[Action item]:
Would you restate all the entries exactly, leaving nothing out?

[Data shown]:
= = = = = = =

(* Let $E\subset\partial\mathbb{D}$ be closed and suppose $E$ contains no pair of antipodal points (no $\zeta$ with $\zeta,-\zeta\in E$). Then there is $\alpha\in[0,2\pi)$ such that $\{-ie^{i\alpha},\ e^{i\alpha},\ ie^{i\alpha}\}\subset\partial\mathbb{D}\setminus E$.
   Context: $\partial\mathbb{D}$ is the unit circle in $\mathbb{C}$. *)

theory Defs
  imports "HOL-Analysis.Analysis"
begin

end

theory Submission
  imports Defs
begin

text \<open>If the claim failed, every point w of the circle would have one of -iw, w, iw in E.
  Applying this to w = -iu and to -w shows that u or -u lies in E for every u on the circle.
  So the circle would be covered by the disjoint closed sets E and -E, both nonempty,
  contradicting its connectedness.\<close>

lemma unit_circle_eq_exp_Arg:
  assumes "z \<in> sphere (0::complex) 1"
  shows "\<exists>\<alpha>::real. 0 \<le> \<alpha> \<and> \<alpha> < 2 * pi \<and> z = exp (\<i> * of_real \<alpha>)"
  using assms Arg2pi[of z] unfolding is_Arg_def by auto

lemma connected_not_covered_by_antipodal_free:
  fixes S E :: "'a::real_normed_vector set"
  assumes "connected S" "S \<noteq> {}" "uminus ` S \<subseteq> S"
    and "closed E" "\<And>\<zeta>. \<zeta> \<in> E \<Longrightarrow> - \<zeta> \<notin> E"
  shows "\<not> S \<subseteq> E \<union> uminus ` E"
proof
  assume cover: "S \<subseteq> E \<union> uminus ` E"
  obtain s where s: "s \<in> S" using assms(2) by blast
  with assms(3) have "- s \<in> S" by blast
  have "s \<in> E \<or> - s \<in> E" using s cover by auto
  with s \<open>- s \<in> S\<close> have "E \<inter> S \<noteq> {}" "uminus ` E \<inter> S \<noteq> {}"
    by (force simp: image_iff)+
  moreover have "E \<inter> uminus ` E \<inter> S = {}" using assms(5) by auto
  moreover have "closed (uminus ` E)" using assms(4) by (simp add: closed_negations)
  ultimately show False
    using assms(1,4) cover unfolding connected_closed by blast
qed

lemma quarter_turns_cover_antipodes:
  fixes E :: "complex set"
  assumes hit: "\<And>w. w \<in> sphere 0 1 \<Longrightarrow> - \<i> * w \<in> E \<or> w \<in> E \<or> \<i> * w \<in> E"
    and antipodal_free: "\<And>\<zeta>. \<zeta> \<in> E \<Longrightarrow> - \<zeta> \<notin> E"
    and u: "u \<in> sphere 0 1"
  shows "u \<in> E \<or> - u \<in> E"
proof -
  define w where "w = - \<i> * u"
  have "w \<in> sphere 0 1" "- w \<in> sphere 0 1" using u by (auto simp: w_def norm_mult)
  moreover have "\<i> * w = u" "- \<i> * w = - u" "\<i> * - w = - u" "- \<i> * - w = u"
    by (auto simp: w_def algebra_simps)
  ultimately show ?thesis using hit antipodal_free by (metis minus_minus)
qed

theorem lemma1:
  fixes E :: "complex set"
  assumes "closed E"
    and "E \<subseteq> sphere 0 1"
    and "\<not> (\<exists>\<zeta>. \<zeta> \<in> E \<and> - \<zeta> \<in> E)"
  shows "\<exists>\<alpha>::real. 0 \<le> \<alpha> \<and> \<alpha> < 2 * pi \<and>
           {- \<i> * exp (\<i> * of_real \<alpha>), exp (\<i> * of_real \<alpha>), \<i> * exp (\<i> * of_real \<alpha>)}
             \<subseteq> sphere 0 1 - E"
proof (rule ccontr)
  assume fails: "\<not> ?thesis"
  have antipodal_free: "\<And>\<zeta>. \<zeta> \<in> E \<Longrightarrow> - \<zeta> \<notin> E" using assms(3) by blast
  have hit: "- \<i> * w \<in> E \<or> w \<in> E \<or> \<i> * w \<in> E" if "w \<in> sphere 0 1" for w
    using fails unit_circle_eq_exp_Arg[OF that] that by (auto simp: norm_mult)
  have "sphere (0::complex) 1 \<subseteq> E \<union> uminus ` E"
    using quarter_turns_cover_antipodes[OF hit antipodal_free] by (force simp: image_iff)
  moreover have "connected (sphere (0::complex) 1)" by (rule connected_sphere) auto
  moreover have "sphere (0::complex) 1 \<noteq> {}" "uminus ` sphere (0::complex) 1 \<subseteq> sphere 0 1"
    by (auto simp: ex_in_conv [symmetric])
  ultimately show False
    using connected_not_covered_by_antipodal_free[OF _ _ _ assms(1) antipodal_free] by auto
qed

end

= = = = = = =

[Solution to this problem]:
(* Let $E\subset\partial\mathbb{D}$ be closed and suppose $E$ contains no pair of antipodal points (no $\zeta$ with $\zeta,-\zeta\in E$). Then there is $\alpha\in[0,2\pi)$ such that $\{-ie^{i\alpha},\ e^{i\alpha},\ ie^{i\alpha}\}\subset\partial\mathbb{D}\setminus E$.
   Context: $\partial\mathbb{D}$ is the unit circle in $\mathbb{C}$. *)

theory Defs
  imports "HOL-Analysis.Analysis"
begin

end

theory Submission
  imports Defs
begin

text \<open>If the claim failed, every point w of the circle would have one of -iw, w, iw in E.
  Applying this to w = -iu and to -w shows that u or -u lies in E for every u on the circle.
  So the circle would be covered by the disjoint closed sets E and -E, both nonempty,
  contradicting its connectedness.\<close>

lemma unit_circle_eq_exp_Arg:
  assumes "z \<in> sphere (0::complex) 1"
  shows "\<exists>\<alpha>::real. 0 \<le> \<alpha> \<and> \<alpha> < 2 * pi \<and> z = exp (\<i> * of_real \<alpha>)"
  using assms Arg2pi[of z] unfolding is_Arg_def by auto

lemma connected_not_covered_by_antipodal_free:
  fixes S E :: "'a::real_normed_vector set"
  assumes "connected S" "S \<noteq> {}" "uminus ` S \<subseteq> S"
    and "closed E" "\<And>\<zeta>. \<zeta> \<in> E \<Longrightarrow> - \<zeta> \<notin> E"
  shows "\<not> S \<subseteq> E \<union> uminus ` E"
proof
  assume cover: "S \<subseteq> E \<union> uminus ` E"
  obtain s where s: "s \<in> S" using assms(2) by blast
  with assms(3) have "- s \<in> S" by blast
  have "s \<in> E \<or> - s \<in> E" using s cover by auto
  with s \<open>- s \<in> S\<close> have "E \<inter> S \<noteq> {}" "uminus ` E \<inter> S \<noteq> {}"
    by (force simp: image_iff)+
  moreover have "E \<inter> uminus ` E \<inter> S = {}" using assms(5) by auto
  moreover have "closed (uminus ` E)" using assms(4) by (simp add: closed_negations)
  ultimately show False
    using assms(1,4) cover unfolding connected_closed by blast
qed

lemma quarter_turns_cover_antipodes:
  fixes E :: "complex set"
  assumes hit: "\<And>w. w \<in> sphere 0 1 \<Longrightarrow> - \<i> * w \<in> E \<or> w \<in> E \<or> \<i> * w \<in> E"
    and antipodal_free: "\<And>\<zeta>. \<zeta> \<in> E \<Longrightarrow> - \<zeta> \<notin> E"
    and u: "u \<in> sphere 0 1"
  shows "u \<in> E \<or> - u \<in> E"
proof -
  define w where "w = - \<i> * u"
  have "w \<in> sphere 0 1" "- w \<in> sphere 0 1" using u by (auto simp: w_def norm_mult)
  moreover have "\<i> * w = u" "- \<i> * w = - u" "\<i> * - w = - u" "- \<i> * - w = u"
    by (auto simp: w_def algebra_simps)
  ultimately show ?thesis using hit antipodal_free by (metis minus_minus)
qed

theorem lemma1:
  fixes E :: "complex set"
  assumes "closed E"
    and "E \<subseteq> sphere 0 1"
    and "\<not> (\<exists>\<zeta>. \<zeta> \<in> E \<and> - \<zeta> \<in> E)"
  shows "\<exists>\<alpha>::real. 0 \<le> \<alpha> \<and> \<alpha> < 2 * pi \<and>
           {- \<i> * exp (\<i> * of_real \<alpha>), exp (\<i> * of_real \<alpha>), \<i> * exp (\<i> * of_real \<alpha>)}
             \<subseteq> sphere 0 1 - E"
proof (rule ccontr)
  assume fails: "\<not> ?thesis"
  have antipodal_free: "\<And>\<zeta>. \<zeta> \<in> E \<Longrightarrow> - \<zeta> \<notin> E" using assms(3) by blast
  have hit: "- \<i> * w \<in> E \<or> w \<in> E \<or> \<i> * w \<in> E" if "w \<in> sphere 0 1" for w
    using fails unit_circle_eq_exp_Arg[OF that] that by (auto simp: norm_mult)
  have "sphere (0::complex) 1 \<subseteq> E \<union> uminus ` E"
    using quarter_turns_cover_antipodes[OF hit antipodal_free] by (force simp: image_iff)
  moreover have "connected (sphere (0::complex) 1)" by (rule connected_sphere) auto
  moreover have "sphere (0::complex) 1 \<noteq> {}" "uminus ` sphere (0::complex) 1 \<subseteq> sphere 0 1"
    by (auto simp: ex_in_conv [symmetric])
  ultimately show False
    using connected_not_covered_by_antipodal_free[OF _ _ _ assms(1) antipodal_free] by auto
qed

end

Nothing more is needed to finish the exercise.